L'indagine era stata avviata nel 2010 e il processo si concludeva nel maggio del 2016 con pesanti condanne a sette anni, sei anni, cinque anni più altre a pene minori. Da lì sono partite le indagini finanziarie condotte dalla polizia tributaria dalle quali è emerso, come ricostruito dal tribunale, che «negli ultimi quindici anni i proposti non hanno mai presentato dichiarazione dei redditi». A parte «modestissimi redditi percepiti quale remunerazione del lavoro prestato in carcere».
Le conclusioni del tribunale che hanno portato al sequestro si basano sul fatto che gli interessati «risultano possedere beni immobili e veicoli del tutto sproporzionati rispetto allo status di disoccupati».

E quindi «può desumersi proprio da tale rilevante sproporzione un significativo indizio sulla provenienza dei beni da attività illecita, indizio di per sè sufficiente per disporre, allo stato degli atti, il richiesto sequestro». Il sequestro ha interessato terreno con abitazione abusiva a Terracina del valore di 250.000 euro, terreno con abitazione a Frosinone di 330.000 euro, due terreni con case a Ferentino per 160.000 euro totali, un'abitazione a Frosinone da 350.000 euro.
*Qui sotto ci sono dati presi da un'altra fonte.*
definition indep_rv ::
  "'w measure \<Rightarrow> ('w \<Rightarrow> 'a::topological_space) \<Rightarrow> ('w \<Rightarrow> 'b::topological_space) \<Rightarrow> bool" where
  "indep_rv M X Y \<longleftrightarrow>
     (\<forall>A\<in>sets borel. \<forall>B\<in>sets borel.
        measure M {\<omega>\<in>space M. X \<omega> \<in> A \<and> Y \<omega> \<in> B}
          = measure M {\<omega>\<in>space M. X \<omega> \<in> A} * measure M {\<omega>\<in>space M. Y \<omega> \<in> B})"

end

theory Submission
  imports Defs
begin

text \<open>Let \<open>u = x / \<parallel>x\<parallel>\<close> and \<open>A = {\<parallel>P u\<parallel>\<^sup>2 \<ge> c}\<close> for the orthogonal projection \<open>P\<close>
  onto a subspace \<open>V\<close>. Since \<open>\<parallel>x\<parallel>\<^sup>2\<close> and \<open>u\<close> are independent,
  \<open>E \<parallel>x\<parallel>\<^sup>2 \<cdot> Pr A = E [\<parallel>x\<parallel>\<^sup>2 1\<^sub>A] \<le> E \<parallel>P x\<parallel>\<^sup>2 / c\<close>, because \<open>\<parallel>P x\<parallel>\<^sup>2 = \<parallel>x\<parallel>\<^sup>2 \<parallel>P u\<parallel>\<^sup>2\<close>.
  Isotropy gives \<open>E \<parallel>x\<parallel>\<^sup>2 = m\<close> and \<open>E \<parallel>P x\<parallel>\<^sup>2 = dim V\<close>, so \<open>Pr A \<le> dim V / (m c)\<close>;
  for the column and row spaces of \<open>X\<close> the dimension is \<open>rank X \<le> 2\<close>.\<close>

lemma orthonormal_inner_eq:
  assumes "pairwise orthogonal B" "\<And>b. b \<in> B \<Longrightarrow> norm b = 1" "b \<in> B" "b' \<in> B"
  shows "b \<bullet> b' = (if b = b' then 1 else 0)"
  using assms by (auto simp: pairwise_def orthogonal_def dot_square_norm)
(* Let $\alpha,\beta,\gamma$ be partitions with $\alpha_1\le 2$ and let $\Gamma$ be an LR-tableau of type $(\alpha,\beta,\gamma)$; let $x$ be the number of entries $1$ in $\Gamma$. Assume: (1) the number of entries $2$ in $\Gamma$ equals $x$ or $x-1$; (2) every row of $\Gamma$ contains at most one (non-empty) box; (3) if row $j$ contains an entry $2$ and row $i$ contains an entry $1$, then $j>i$. Then in the poset $(\mathcal D_\Gamma,\le_{\rm arc})$ all saturated chains have the same length.
   Context: For a partition $\lambda$, $\lambda'$ is its conjugate; the diagram of $\lambda$ is drawn with $\lambda'_i$ boxes in row $i$, so the $i$-th row of $\beta\setminus\gamma$ consists of the boxes in columns $\gamma'_i+1,\dots,\beta'_i$. With $\alpha_1\le2$, $\alpha'=(\alpha'_1,\alpha'_2)$. An LR-tableau of type $(\alpha,\beta,\gamma)$ is a filling of $\beta\setminus\gamma$ with $\alpha'_1$ entries $1$ and $\alpha'_2$ entries $2$, weakly increasing along rows, strictly increasing down columns, such that for each $c\ge0$ the number of entries $1$ in columns to the right of column $c$ is at least the number of entries $2$ there. Place positive integers on a line in decreasing order from left to right. An arc is a pair $(m,n)$, $m>n$ positive integers (source $m$, target $n$); a pole at $n$ is regarded as an arc $(\infty,n)$. An arc diagram of type $(\alpha,\beta,\gamma)$ is a finite multiset of $\alpha'_2$ arcs and $\alpha'_1-\alpha'_2$ poles with, for each $i$, exactly $\beta'_i-\gamma'_i$ members having source or target $i$. It has LR type $\Gamma$ if for each $i$ the number of arcs with source $i$ equals the number of entries $2$ in row $i$ of $\Gamma$; $\mathcal D_\Gamma$ is the set of such diagrams. Moves: for $a>b>c>d$, (A) replaces arcs $(a,c),(b,d)$ by $(a,d),(b,c)$; (C) replaces them by $(a,b),(c,d)$; for $a>b>c$, (B) replaces arc $(a,c)$ and pole $(\infty,b)$ by arc $(a,b)$ and pole $(\infty,c)$; (D) replaces them by arc $(b,c)$ and pole $(\infty,a)$. $\Delta\le_{\rm arc}\Delta'$ iff $\Delta$ is obtained from $\Delta'$ by a finite (possibly empty) sequence of moves. A chain is saturated if it has no refinement, i.e. is not properly contained in another chain of the poset. *)

theory Defs
  imports Main "HOL-Library.Multiset" "HOL-Library.Extended_Nat"
begin

text \<open>A partition is a weakly decreasing list of positive integers.
  Parts are indexed from 1; parts beyond the length are 0.\<close>

definition is_partition :: "nat list \<Rightarrow> bool" where
  "is_partition xs \<longleftrightarrow> sorted_wrt (\<ge>) xs \<and> 0 \<notin> set xs"

definition part :: "nat list \<Rightarrow> nat \<Rightarrow> nat" where
  "part xs i = (if 1 \<le> i \<and> i \<le> length xs then xs ! (i - 1) else 0)"

definition conj :: "nat list \<Rightarrow> nat \<Rightarrow> nat" where
  "conj xs i = length (filter (\<lambda>x. i \<le> x) xs)"

text \<open>Boxes of beta minus gamma: row i (i \<ge> 1) consists of the boxes in columns
  conj gamma i + 1, ..., conj beta i.  A box is a pair (row, column).\<close>
definition skew_boxes :: "nat list \<Rightarrow> nat list \<Rightarrow> (nat \<times> nat) set" where
  "skew_boxes \<beta> \<gamma> = {(i, c). 1 \<le> i \<and> conj \<gamma> i < c \<and> c \<le> conj \<beta> i}"

definition row_boxes :: "nat list \<Rightarrow> nat list \<Rightarrow> nat \<Rightarrow> (nat \<times> nat) set" where
  "row_boxes \<beta> \<gamma> i = {b \<in> skew_boxes \<beta> \<gamma>. fst b = i}"

definition entries_in_row :: "nat list \<Rightarrow> nat list \<Rightarrow> (nat \<times> nat \<Rightarrow> nat) \<Rightarrow> nat \<Rightarrow> nat \<Rightarrow> nat" where
  "entries_in_row \<beta> \<gamma> T k i = card {b \<in> row_boxes \<beta> \<gamma> i. T b = k}"

definition num_entries :: "nat list \<Rightarrow> nat list \<Rightarrow> (nat \<times> nat \<Rightarrow> nat) \<Rightarrow> nat \<Rightarrow> nat" where
  "num_entries \<beta> \<gamma> T k = card {b \<in> skew_boxes \<beta> \<gamma>. T b = k}"

definition LR_tableau ::
  "nat list \<Rightarrow> nat list \<Rightarrow> nat list \<Rightarrow> (nat \<times> nat \<Rightarrow> nat) \<Rightarrow> bool" where
  "LR_tableau \<alpha> \<beta> \<gamma> T \<longleftrightarrow>
     (\<forall>i\<ge>1. conj \<gamma> i \<le> conj \<beta> i) \<and>
     (\<forall>b \<in> skew_boxes \<beta> \<gamma>. T b \<in> {1, 2}) \<and>
     num_entries \<beta> \<gamma> T 1 = conj \<alpha> 1 \<and>
     num_entries \<beta> \<gamma> T 2 = conj \<alpha> 2 \<and>
     (\<forall>i c c'. (i, c) \<in> skew_boxes \<beta> \<gamma> \<longrightarrow> (i, c') \<in> skew_boxes \<beta> \<gamma> \<longrightarrow> c < c'
        \<longrightarrow> T (i, c) \<le> T (i, c')) \<and>
     (\<forall>i i' c. (i, c) \<in> skew_boxes \<beta> \<gamma> \<longrightarrow> (i', c) \<in> skew_boxes \<beta> \<gamma> \<longrightarrow> i < i'
        \<longrightarrow> T (i, c) < T (i', c)) \<and>
     (\<forall>c. card {b \<in> skew_boxes \<beta> \<gamma>. c < snd b \<and> T b = 2}
          \<le> card {b \<in> skew_boxes \<beta> \<gamma>. c < snd b \<and> T b = 1})"

text \<open>An arc is a pair (source, target) with source > target \<ge> 1; a pole at n is
  the arc (\<infinity>, n).  Sources are extended naturals.\<close>
type_synonym arc = "enat \<times> nat"

definition valid_arc :: "arc \<Rightarrow> bool" where
  "valid_arc a \<longleftrightarrow> 1 \<le> snd a \<and> enat (snd a) < fst a"

definition is_pole :: "arc \<Rightarrow> bool" where
  "is_pole a \<longleftrightarrow> fst a = \<infinity>"

definition arc_diagram :: "nat list \<Rightarrow> nat list \<Rightarrow> nat list \<Rightarrow> arc multiset \<Rightarrow> bool" where
  "arc_diagram \<alpha> \<beta> \<gamma> D \<longleftrightarrow>
     (\<forall>a \<in># D. valid_arc a) \<and>
     size (filter_mset (\<lambda>a. \<not> is_pole a) D) = conj \<alpha> 2 \<and>
     size (filter_mset is_pole D) = conj \<alpha> 1 - conj \<alpha> 2 \<and>
     (\<forall>i\<ge>1. size (filter_mset (\<lambda>a. fst a = enat i \<or> snd a = i) D) = conj \<beta> i - conj \<gamma> i)"

definition has_LR_type :: "nat list \<Rightarrow> nat list \<Rightarrow> (nat \<times> nat \<Rightarrow> nat) \<Rightarrow> arc multiset \<Rightarrow> bool" where
  "has_LR_type \<beta> \<gamma> T D \<longleftrightarrow>
     (\<forall>i\<ge>1. size (filter_mset (\<lambda>a. fst a = enat i) D) = entries_in_row \<beta> \<gamma> T 2 i)"

definition D_Gamma :: "nat list \<Rightarrow> nat list \<Rightarrow> nat list \<Rightarrow> (nat \<times> nat \<Rightarrow> nat) \<Rightarrow> arc multiset set" where
  "D_Gamma \<alpha> \<beta> \<gamma> T = {D. arc_diagram \<alpha> \<beta> \<gamma> D \<and> has_LR_type \<beta> \<gamma> T D}"

text \<open>arc_move D D': D' is obtained from D by one of the moves (A)-(D).\<close>
definition arc_move :: "arc multiset \<Rightarrow> arc multiset \<Rightarrow> bool" where
  "arc_move D D' \<longleftrightarrow>
     (\<exists>a b c d :: nat. a > b \<and> b > c \<and> c > d \<and>
        {#(enat a, c), (enat b, d)#} \<subseteq># D \<and>
        (D' = D - {#(enat a, c), (enat b, d)#} + {#(enat a, d), (enat b, c)#} \<or>
         D' = D - {#(enat a, c), (enat b, d)#} + {#(enat a, b), (enat c, d)#})) \<or>
     (\<exists>a b c :: nat. a > b \<and> b > c \<and>
        {#(enat a, c), (\<infinity>, b)#} \<subseteq># D \<and>
        (D' = D - {#(enat a, c), (\<infinity>, b)#} + {#(enat a, b), (\<infinity>, c)#} \<or>
         D' = D - {#(enat a, c), (\<infinity>, b)#} + {#(enat b, c), (\<infinity>, a)#}))"

definition arc_le :: "arc multiset \<Rightarrow> arc multiset \<Rightarrow> bool" where
  "arc_le D D' \<longleftrightarrow> arc_move\<^sup>*\<^sup>* D' D"

definition is_chain_in :: "arc multiset set \<Rightarrow> arc multiset set \<Rightarrow> bool" where
  "is_chain_in P C \<longleftrightarrow> C \<subseteq> P \<and> (\<forall>x \<in> C. \<forall>y \<in> C. arc_le x y \<or> arc_le y x)"

definition saturated_chain_in :: "arc multiset set \<Rightarrow> arc multiset set \<Rightarrow> bool" where
  "saturated_chain_in P C \<longleftrightarrow> is_chain_in P C \<and> \<not> (\<exists>C'. is_chain_in P C' \<and> C \<subset> C')"

definition chain_length :: "arc multiset set \<Rightarrow> nat" where
  "chain_length C = card C - 1"

end

theory Submission
  imports Defs
begin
Nonché i veicoli: due Mercedes, una Bmw, una Renault Megane, una Opel Tigra, una Volkswagen Golf, uno scooter Piaggio X9, una Citroen Saxo e una C3, una Peugeot 107, una Fiat Punto e una Uno e conti per 83.607 euro in fondi d'investimento più altri 6.975 in contanti. Gli avvocati Luigi Tozzi, Emanuele Carbone e Tony Ceccarelli hanno impugnato il provvedimento per tentare di evitare la confisca. L'udienza che si è celebrata l'altro giorno, è stata aggiornata a gennaio per la complessità della questione e anche per il subentro di un nuovo difensore.